|
|
|
|
|
by myrmidon
1724 days ago
|
|
> fusion power as it gets closer to success and eventual general availability IMO it is not clear that fusion will ever be useable for power plants: Depending on costs (construction/maintenance/decomissioning), it might never be competitive with (battery backed) photovoltaics (or wind), no matter how much progress we make. Personally I believe that fusion research is worthwile no matter the outcome, but calling it a "purely academic waste of ressources without positive environmental/economical ROI" might turn out to be correct (playing devils advocate here but this is important to consider, no matter how much pro-nuclear you are). |
|
Whenever they talk about putting a fusion reactor in a shipping container, or on the back of a truck that's a red flag. Any fusion plant capable of useful power output is going to have to kick out enough neutron radiation to need some pretty serious shielding that just makes that impossible.

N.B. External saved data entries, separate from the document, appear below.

lemma is_partition_refine_partition:
  assumes B: "is_partition M B" and A: "\<And>k. is_partition M (A k)"
  shows "is_partition M (refine_partition B A)"
  unfolding is_partition_def
proof (intro conjI allI)
  fix n show "refine_partition B A n \<in> sets M"
    unfolding refine_partition_def using is_partition_sets[OF B] is_partition_sets[OF A] by auto
next
  show "disjoint_family (refine_partition B A)"
    unfolding disjoint_family_on_def
  proof (intro ballI impI)
    fix m n :: nat assume "m \<noteq> n"
    then have ne: "prod_decode m \<noteq> prod_decode n" using inj_prod_decode by (metis injD)
    show "refine_partition B A m \<inter> refine_partition B A n = {}"
    proof (rule ccontr)
      assume "\<not> ?thesis"
      then obtain \<omega> where w: "\<omega> \<in> B (fst (prod_decode m))" "\<omega> \<in> A (fst (prod_decode m)) (snd (prod_decode m))"
        "\<omega> \<in> B (fst (prod_decode n))" "\<omega> \<in> A (fst (prod_decode n)) (snd (prod_decode n))"
        unfolding refine_partition_def by blast
      then have "fst (prod_decode m) = fst (prod_decode n)" using is_partition_unique[OF B] by blast
      moreover then have "snd (prod_decode m) = snd (prod_decode n)"
        using w is_partition_unique[OF A] by metis
      ultimately show False using ne by (simp add: prod_eq_iff)
    qed
  qed
next
  show "(\<Union>n. refine_partition B A n) = space M"
  proof
    show "(\<Union>n. refine_partition B A n) \<subseteq> space M"
      unfolding refine_partition_def using is_partition_sets[OF B] sets.sets_into_space by blast
    show "space M \<subseteq> (\<Union>n. refine_partition B A n)"
    proof
      fix \<omega> assume "\<omega> \<in> space M"
      then obtain i j where "\<omega> \<in> B i" "\<omega> \<in> A i j"
        using is_partition_cover[OF B] is_partition_cover[OF A] by metis
      then show "\<omega> \<in> (\<Union>n. refine_partition B A n)"
        by (intro UN_I[of "prod_encode (i, j)"]) auto
    qed
  qed
qed

section \<open>The topology of L0\<close>

definition L0_open :: "'w measure \<Rightarrow> ('w \<Rightarrow> real) set \<Rightarrow> bool" where
  "L0_open M U \<longleftrightarrow> U \<subseteq> borel_measurable M \<and>
     (\<forall>f\<in>U. \<exists>e\<in>borel_measurable M. (AE \<omega> in M. 0 < e \<omega>) \<and>
        {g \<in> borel_measurable M. AE \<omega> in M. \<bar>g \<omega> - f \<omega>\<bar> < e \<omega>} \<subseteq> U)"

lemma istopology_L0_open: "istopology (L0_open M)"
  unfolding istopology_def
proof (rule conjI; intro allI impI)
  fix S U
  assume S: "L0_open M S" and U: "L0_open M U"
  show "L0_open M (S \<inter> U)" unfolding L0_open_def
  proof (intro conjI ballI)
    show "S \<inter> U \<subseteq> borel_measurable M" using S unfolding L0_open_def by auto
    fix f assume "f \<in> S \<inter> U"
    then have fS: "f \<in> S" and fU: "f \<in> U" by auto
    obtain e1 e2 where e1: "e1 \<in> borel_measurable M" "AE \<omega> in M. 0 < e1 \<omega>"
        "{g \<in> borel_measurable M. AE \<omega> in M. \<bar>g \<omega> - f \<omega>\<bar> < e1 \<omega>} \<subseteq> S"
      and e2: "e2 \<in> borel_measurable M" "AE \<omega> in M. 0 < e2 \<omega>"
        "{g \<in> borel_measurable M. AE \<omega> in M. \<bar>g \<omega> - f \<omega>\<bar> < e2 \<omega>} \<subseteq> U"
      using S fS U fU unfolding L0_open_def by meson
    show "\<exists>e\<in>borel_measurable M. (AE \<omega> in M. 0 < e \<omega>) \<and>
        {g \<in> borel_measurable M. AE \<omega> in M. \<bar>g \<omega> - f \<omega>\<bar> < e \<omega>} \<subseteq> S \<inter> U"
    proof (intro bexI[of _ "\<lambda>\<omega>. min (e1 \<omega>) (e2 \<omega>)"] conjI subsetI)
      show "(\<lambda>\<omega>. min (e1 \<omega>) (e2 \<omega>)) \<in> borel_measurable M" using e1(1) e2(1) by measurable
      show "AE \<omega> in M. 0 < min (e1 \<omega>) (e2 \<omega>)" using e1(2) e2(2) by eventually_elim simp
      fix g assume g: "g \<in> {g \<in> borel_measurable M. AE \<omega> in M. \<bar>g \<omega> - f \<omega>\<bar> < min (e1 \<omega>) (e2 \<omega>)}"
      then have "AE \<omega> in M. \<bar>g \<omega> - f \<omega>\<bar> < e1 \<omega>" "AE \<omega> in M. \<bar>g \<omega> - f \<omega>\<bar> < e2 \<omega>"
        by (auto elim!: AE_mp intro!: AE_I2)
      then show "g \<in> S \<inter> U" using g e1(3) e2(3) by auto
    qed
  qed
next
  fix K assume "\<forall>S\<in>K. L0_open M S"
  then show "L0_open M (\<Union>K)" unfolding L0_open_def
    by (smt (verit, best) Union_iff subset_iff)
qed
(* If $f$ satisfies the rate conditions of order $0$, then for every $z\in D$, $f(J_u(z,1/L)\cap D)\subset\mathrm{int}\,J_u(f(z),1/L)\cup\{f(z)\}$.
   Context: $c,u,s$ positive integers, $\Lambda=(\mathbb{R}/\mathbb{Z})^c$, $R_\Lambda=\tfrac12$; points are "in the same chart" if their $\lambda$-components have lifts to $\mathbb{R}^c$ at distance $\le R_\Lambda$; differences, norms, cones and derivatives are computed in such lifts. $\overline B_n(R)$ closed ball of radius $R$ at $0$ in $\mathbb{R}^n$; Euclidean norms. $0<R<R_\Lambda/2$, $D=\Lambda\times\overline B_u(R)\times\overline B_s(R)$, points $z=(\lambda,x,y)$, projections $\pi_\lambda,\pi_x,\pi_y,\pi_{(\lambda,y)}$; $f:D\to\Lambda\times\mathbb{R}^u\times\mathbb{R}^s$ is $C^1$, $f=(f_\lambda,f_x,f_y)$. $m(A)=\max\{c:\|Av\|\ge c\|v\|\}$, $m(\mathbf A)=\inf_{A\in\mathbf A}m(A)$; $[\partial g/\partial w(U)]$ = set of matrices with $(i,j)$ entry in $[\inf_U\partial g_i/\partial w_j,\sup_U\partial g_i/\partial w_j]$; $P(z)=\{w\in D:\|\pi_\lambda w-\pi_\lambda z\|\le R_\Lambda/2\}$. Fix $L\in(2R/R_\Lambda,1)$. $\mu_{s,1}=\sup_D\{\|\partial_yf_y\|+\frac1L\|\partial_{(\lambda,x)}f_y\|\}$, $\xi_{u,1,P}=\inf_{z\in D}m[\partial_xf_x(P(z))]-\frac1L\sup_D\|\partial_{(\lambda,y)}f_x\|$, $\mu_{cs,1}=\sup_D\{\|\partial_{(\lambda,y)}f_{(\lambda,y)}\|+L\|\partial_xf_{(\lambda,y)}\|\}$, $\xi_{cu,1,P}=\inf_{z\in D}m[\partial_{(\lambda,x)}f_{(\lambda,x)}(P(z))]-L\sup_D\|\partial_yf_{(\lambda,x)}\|$. Rate conditions of order $0$: $\mu_{s,1}<1<\xi_{u,1,P}$, $\mu_{cs,1}<\xi_{u,1,P}$, $\mu_{s,1}<\xi_{cu,1,P}$. Unstable cone: $J_u(z,M)=\{(\lambda,x,y):\|(\lambda,y)-\pi_{(\lambda,y)}z\|\le M\|x-\pi_xz\|\}$. *)

theory Defs
  imports "HOL-Analysis.Analysis"
begin

type_synonym ('c,'u,'s) pt = "(real^'c) \<times> (real^'u) \<times> (real^'s)"

text \<open>Torus \<Lambda> = (R/Z)^c is represented through lifts in real^'c; integer lattice and
  torus distance (minimal lift distance).\<close>
definition intvecs :: "(real^'n) set" where
  "intvecs = {k. \<forall>i. k $ i \<in> \<int>}"

definition tdist :: "real^'n \<Rightarrow> real^'n \<Rightarrow> real" where
  "tdist a b = (INF k\<in>intvecs. norm (a - b - k))"

definition RLam :: real where "RLam = 1/2"

definition Dom :: "real \<Rightarrow> ('c::finite,'u::finite,'s::finite) pt set" where
  "Dom R = UNIV \<times> cball 0 R \<times> cball 0 R"

definition Pset :: "real \<Rightarrow> ('c::finite,'u::finite,'s::finite) pt \<Rightarrow> ('c,'u,'s) pt set" where
  "Pset R z = {w \<in> Dom R. tdist (fst w) (fst z) \<le> RLam / 2}"

definition minnorm :: "('a::real_normed_vector \<Rightarrow> 'b::real_normed_vector) \<Rightarrow> real" where
  "minnorm A = Sup {c. \<forall>v. c * norm v \<le> norm (A v)}"

definition interval_maps :: "('p \<Rightarrow> ('a::euclidean_space \<Rightarrow> 'b::euclidean_space)) \<Rightarrow> 'p set \<Rightarrow> ('a \<Rightarrow> 'b) set" where
  "interval_maps g U = {A. linear A \<and> (\<forall>i\<in>Basis. \<forall>j\<in>Basis.
      (INF w\<in>U. g w j \<bullet> i) \<le> A j \<bullet> i \<and> A j \<bullet> i \<le> (SUP w\<in>U. g w j \<bullet> i))}"

definition minnorm_set :: "('a::real_normed_vector \<Rightarrow> 'b::real_normed_vector) set \<Rightarrow> real" where
  "minnorm_set S = (INF A\<in>S. minnorm A)"

definition dy_fy :: "(('c::finite,'u::finite,'s::finite) pt \<Rightarrow> ('c,'u,'s) pt) \<Rightarrow> real^'s \<Rightarrow> real^'s" where
  "dy_fy A = (\<lambda>v. snd (snd (A (0, 0, v))))"
definition dlx_fy :: "(('c::finite,'u::finite,'s::finite) pt \<Rightarrow> ('c,'u,'s) pt) \<Rightarrow> ((real^'c) \<times> (real^'u)) \<Rightarrow> real^'s" where
  "dlx_fy A = (\<lambda>(a,b). snd (snd (A (a, b, 0))))"
definition dx_fx :: "(('c::finite,'u::finite,'s::finite) pt \<Rightarrow> ('c,'u,'s) pt) \<Rightarrow> real^'u \<Rightarrow> real^'u" where
  "dx_fx A = (\<lambda>b. fst (snd (A (0, b, 0))))"
definition dly_fx :: "(('c::finite,'u::finite,'s::finite) pt \<Rightarrow> ('c,'u,'s) pt) \<Rightarrow> ((real^'c) \<times> (real^'s)) \<Rightarrow> real^'u" where
  "dly_fx A = (\<lambda>(a,c). fst (snd (A (a, 0, c))))"
definition dly_fly :: "(('c::finite,'u::finite,'s::finite) pt \<Rightarrow> ('c,'u,'s) pt) \<Rightarrow> ((real^'c) \<times> (real^'s)) \<Rightarrow> ((real^'c) \<times> (real^'s))" where
  "dly_fly A = (\<lambda>(a,c). (fst (A (a, 0, c)), snd (snd (A (a, 0, c)))))"
definition dx_fly :: "(('c::finite,'u::finite,'s::finite) pt \<Rightarrow> ('c,'u,'s) pt) \<Rightarrow> real^'u \<Rightarrow> ((real^'c) \<times> (real^'s))" where
  "dx_fly A = (\<lambda>b. (fst (A (0, b, 0)), snd (snd (A (0, b, 0)))))"
definition dlx_flx :: "(('c::finite,'u::finite,'s::finite) pt \<Rightarrow> ('c,'u,'s) pt) \<Rightarrow> ((real^'c) \<times> (real^'u)) \<Rightarrow> ((real^'c) \<times> (real^'u))" where
  "dlx_flx A = (\<lambda>(a,b). (fst (A (a, b, 0)), fst (snd (A (a, b, 0)))))"
definition dy_flx :: "(('c::finite,'u::finite,'s::finite) pt \<Rightarrow> ('c,'u,'s) pt) \<Rightarrow> real^'s \<Rightarrow> ((real^'c) \<times> (real^'u))" where
  "dy_flx A = (\<lambda>c. (fst (A (0, 0, c)), fst (snd (A (0, 0, c)))))"

definition mu_s1 :: "real \<Rightarrow> real \<Rightarrow> (('c::finite,'u::finite,'s::finite) pt \<Rightarrow> ('c,'u,'s) pt \<Rightarrow>\<^sub>L ('c,'u,'s) pt) \<Rightarrow> real" where
  "mu_s1 R L Df = (SUP z\<in>Dom R. onorm (dy_fy (blinfun_apply (Df z))) + (1/L) * onorm (dlx_fy (blinfun_apply (Df z))))"

definition xi_u1P :: "real \<Rightarrow> real \<Rightarrow> (('c::finite,'u::finite,'s::finite) pt \<Rightarrow> ('c,'u,'s) pt \<Rightarrow>\<^sub>L ('c,'u,'s) pt) \<Rightarrow> real" where
  "xi_u1P R L Df = (INF z\<in>Dom R. minnorm_set (interval_maps (\<lambda>w. dx_fx (blinfun_apply (Df w))) (Pset R z)))
      - (1/L) * (SUP z\<in>Dom R. onorm (dly_fx (blinfun_apply (Df z))))"

definition mu_cs1 :: "real \<Rightarrow> real \<Rightarrow> (('c::finite,'u::finite,'s::finite) pt \<Rightarrow> ('c,'u,'s) pt \<Rightarrow>\<^sub>L ('c,'u,'s) pt) \<Rightarrow> real" where
  "mu_cs1 R L Df = (SUP z\<in>Dom R. onorm (dly_fly (blinfun_apply (Df z))) + L * onorm (dx_fly (blinfun_apply (Df z))))"

definition xi_cu1P :: "real \<Rightarrow> real \<Rightarrow> (('c::finite,'u::finite,'s::finite) pt \<Rightarrow> ('c,'u,'s) pt \<Rightarrow>\<^sub>L ('c,'u,'s) pt) \<Rightarrow> real" where
  "xi_cu1P R L Df = (INF z\<in>Dom R. minnorm_set (interval_maps (\<lambda>w. dlx_flx (blinfun_apply (Df w))) (Pset R z)))
      - L * (SUP z\<in>Dom R. onorm (dy_flx (blinfun_apply (Df z))))"

definition rate_conditions_0 :: "real \<Rightarrow> real \<Rightarrow> (('c::finite,'u::finite,'s::finite) pt \<Rightarrow> ('c,'u,'s) pt \<Rightarrow>\<^sub>L ('c,'u,'s) pt) \<Rightarrow> bool" where
  "rate_conditions_0 R L Df \<longleftrightarrow>
     mu_s1 R L Df < 1 \<and> 1 < xi_u1P R L Df \<and> mu_cs1 R L Df < xi_u1P R L Df \<and> mu_s1 R L Df < xi_cu1P R L Df"

text \<open>Unstable cone, differences taken in lifted coordinates.\<close>
definition Ju :: "('c::finite,'u::finite,'s::finite) pt \<Rightarrow> real \<Rightarrow> ('c,'u,'s) pt set" where
  "Ju z M = {w. norm (fst w - fst z, snd (snd w) - snd (snd z)) \<le> M * norm (fst (snd w) - fst (snd z))}"

end

theory Submission
  imports Defs
begin

text \<open>Write \<open>w - z = (a, b, c)\<close> for a point \<open>w\<close> of the cone \<open>J\<^sub>u(z, 1/L)\<close>, so that
  \<open>\<parallel>(a, c)\<parallel> \<le> \<parallel>b\<parallel>/L\<close>. Integrating \<open>Df\<close> along the segment from \<open>z\<close> to \<open>w\<close>, the change of
  the unstable coordinate is \<open>A b + E\<close>: here \<open>A\<close> is the average of \<open>\<partial>\<^sub>xf\<^sub>x\<close> over the segment,
  hence a member of the interval matrix over \<open>P\<close> of the midpoint, and \<open>E\<close> comes from the
  \<open>(\<lambda>, y)\<close>-derivative applied to \<open>(a, c)\<close>, so this change has norm at least \<open>\<xi>\<^sub>u \<parallel>b\<parallel>\<close>.
  The change of the \<open>(\<lambda>, y)\<close> coordinates is at most \<open>\<mu>\<^sub>c\<^sub>s \<parallel>b\<parallel>/L\<close>, and \<open>\<mu>\<^sub>c\<^sub>s < \<xi>\<^sub>u\<close>
  puts \<open>f w\<close> strictly inside \<open>J\<^sub>u(f z, 1/L)\<close>. The suprema and infima in the rate conditions
  are finite because \<open>Df\<close> is \<open>\<int>\<^sup>c\<close>-periodic in \<open>\<lambda>\<close>, hence bounded.\<close>

lemma minnorm_le: "minnorm A * norm x \<le> norm (A x)"
proof (cases "x = 0")
  case False
  then have nx: "norm x > 0" by simp
  have "minnorm A \<le> norm (A x) / norm x" unfolding minnorm_def
  proof (rule cSup_least)
    show "{c. \<forall>v. c * norm v \<le> norm (A v)} \<noteq> {}" by (auto intro!: exI[of _ 0])
  next
    fix c assume "c \<in> {c. \<forall>v. c * norm v \<le> norm (A v)}"
    then show "c \<le> norm (A x) / norm x" using nx by (simp add: pos_le_divide_eq)
  qed
  then show ?thesis using nx by (simp add: pos_le_divide_eq)
qed simp

lemma minnorm_nonneg: "0 \<le> minnorm (A :: 'a::euclidean_space \<Rightarrow> 'b::real_normed_vector)"
proof -
  obtain v :: 'a where v: "v \<in> Basis" using nonempty_Basis by blast
  have "bdd_above {c. \<forall>v. c * norm v \<le> norm (A v)}"
  proof (rule bdd_aboveI)
    fix c assume "c \<in> {c. \<forall>v. c * norm v \<le> norm (A v)}"
    then show "c \<le> norm (A v)" using v by (metis (mono_tags) mem_Collect_eq mult.right_neutral norm_Basis)
  qed
  then show ?thesis unfolding minnorm_def by (rule cSup_upper[rotated]) auto
qed

lemma minnorm_set_nonneg:
  "S \<noteq> {} \<Longrightarrow> 0 \<le> minnorm_set (S :: ('a::euclidean_space \<Rightarrow> 'b::real_normed_vector) set)"
  unfolding minnorm_set_def by (intro cINF_greatest minnorm_nonneg)

lemma tdist_le_norm: "tdist x y \<le> norm (x - y)"
proof -
  have "tdist x y \<le> norm (x - y - 0)" unfolding tdist_def
    by (rule cINF_lower) (auto simp: intvecs_def intro!: bdd_belowI2[of _ 0])
  then show ?thesis by simp
qed

lemma has_integral_unit_interval_norm_le:
  fixes g :: "real \<Rightarrow> 'a::real_normed_vector"
  assumes g: "(g has_integral I) {0..1}" and C: "\<And>t. t \<in> {0..1} \<Longrightarrow> norm (g t) \<le> C"
  shows "norm I \<le> C"
proof -
  have "0 \<le> C" using C[of 0] norm_ge_zero[of "g 0"] by (simp del: norm_ge_zero)
  then have "norm I \<le> C * Henstock_Kurzweil_Integration.content {0..(1::real)}"
    by (intro has_integral_bound_real[where S="{}", OF _ _ g]) (use C in auto)
  then show ?thesis by simp
qed

lemma has_integral_derivative_linepath:
  fixes f :: "'a::real_normed_vector \<Rightarrow> 'b::banach"
  assumes S: "convex S" "z \<in> S" "w \<in> S"
    and deriv: "\<And>x. x \<in> S \<Longrightarrow> (f has_derivative D x) (at x within S)"
  shows "((\<lambda>t. D (linepath z w t) (w - z)) has_integral f w - f z) {0..1}"
proof -
  have pS: "linepath z w ` {0..1} \<subseteq> S"
    using closed_segment_subset[OF S(2,3,1)] by (simp add: linepath_image_01)
  have "((\<lambda>t. f (linepath z w t)) has_vector_derivative D (linepath z w t) (w - z)) (at t within {0..1})"
    if t: "t \<in> {0..1}" for t
  proof -
    from has_derivative_in_compose2[OF deriv pS t
        has_vector_derivative_linepath_within[unfolded has_vector_derivative_def]]
    show ?thesis unfolding has_vector_derivative_def
      using linear_scale[OF has_derivative_linear[OF deriv]] pS t by (simp add: image_subset_iff)
  qed
  from fundamental_theorem_of_calculus[of 0 1, OF _ this] show ?thesis
    by (simp add: linepath_0' linepath_1')
qed

lemma strict_cone_subset_interior_Ju:
  "{q. norm (fst q - fst p, snd (snd q) - snd (snd p)) < M * norm (fst (snd q) - fst (snd p))}
     \<subseteq> interior (Ju p M)"
  by (rule interior_maximal) (auto simp: Ju_def intro: less_imp_le intro!: open_Collect_less continuous_intros)

lemma bounded_linear_blinfun_block:
  fixes A :: "'a::real_normed_vector \<Rightarrow>\<^sub>L 'b::real_normed_vector"
    and J :: "'c::{real_normed_vector,perfect_space} \<Rightarrow> 'a"
  assumes P: "bounded_linear P" "\<And>u. norm (P u) \<le> norm u"
    and J: "bounded_linear J" "\<And>v. norm (J v) \<le> norm v"
  shows "bounded_linear (\<lambda>v. P (blinfun_apply A (J v)))"
    and "onorm (\<lambda>v. P (blinfun_apply A (J v))) \<le> norm A"
proof -
  show "bounded_linear (\<lambda>v. P (blinfun_apply A (J v)))"
    using bounded_linear_compose[OF P(1) bounded_linear_compose[OF blinfun.bounded_linear_right J(1)]] .
  have "norm (P (blinfun_apply A (J v))) \<le> norm A * norm v" for v
    using P(2) norm_blinfun[of A "J v"] mult_left_mono[OF J(2) norm_ge_zero[of A]]
    by (meson order_trans)
  then show "onorm (\<lambda>v. P (blinfun_apply A (J v))) \<le> norm A"
    by (rule onorm_le)
qed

Another problem is the way they often pitch the energy gain numbers. Q=1 sounds great, the output energy equals the input energy, but that's only the input energy required to maintain the plasma. The actual energy to power the plant and run the heat exchange system and such as a whole (Engineering Gain = 1) is likely to be about 22x that. Then to be economically viable in practice the gain might need to be an order of magnitude or more again.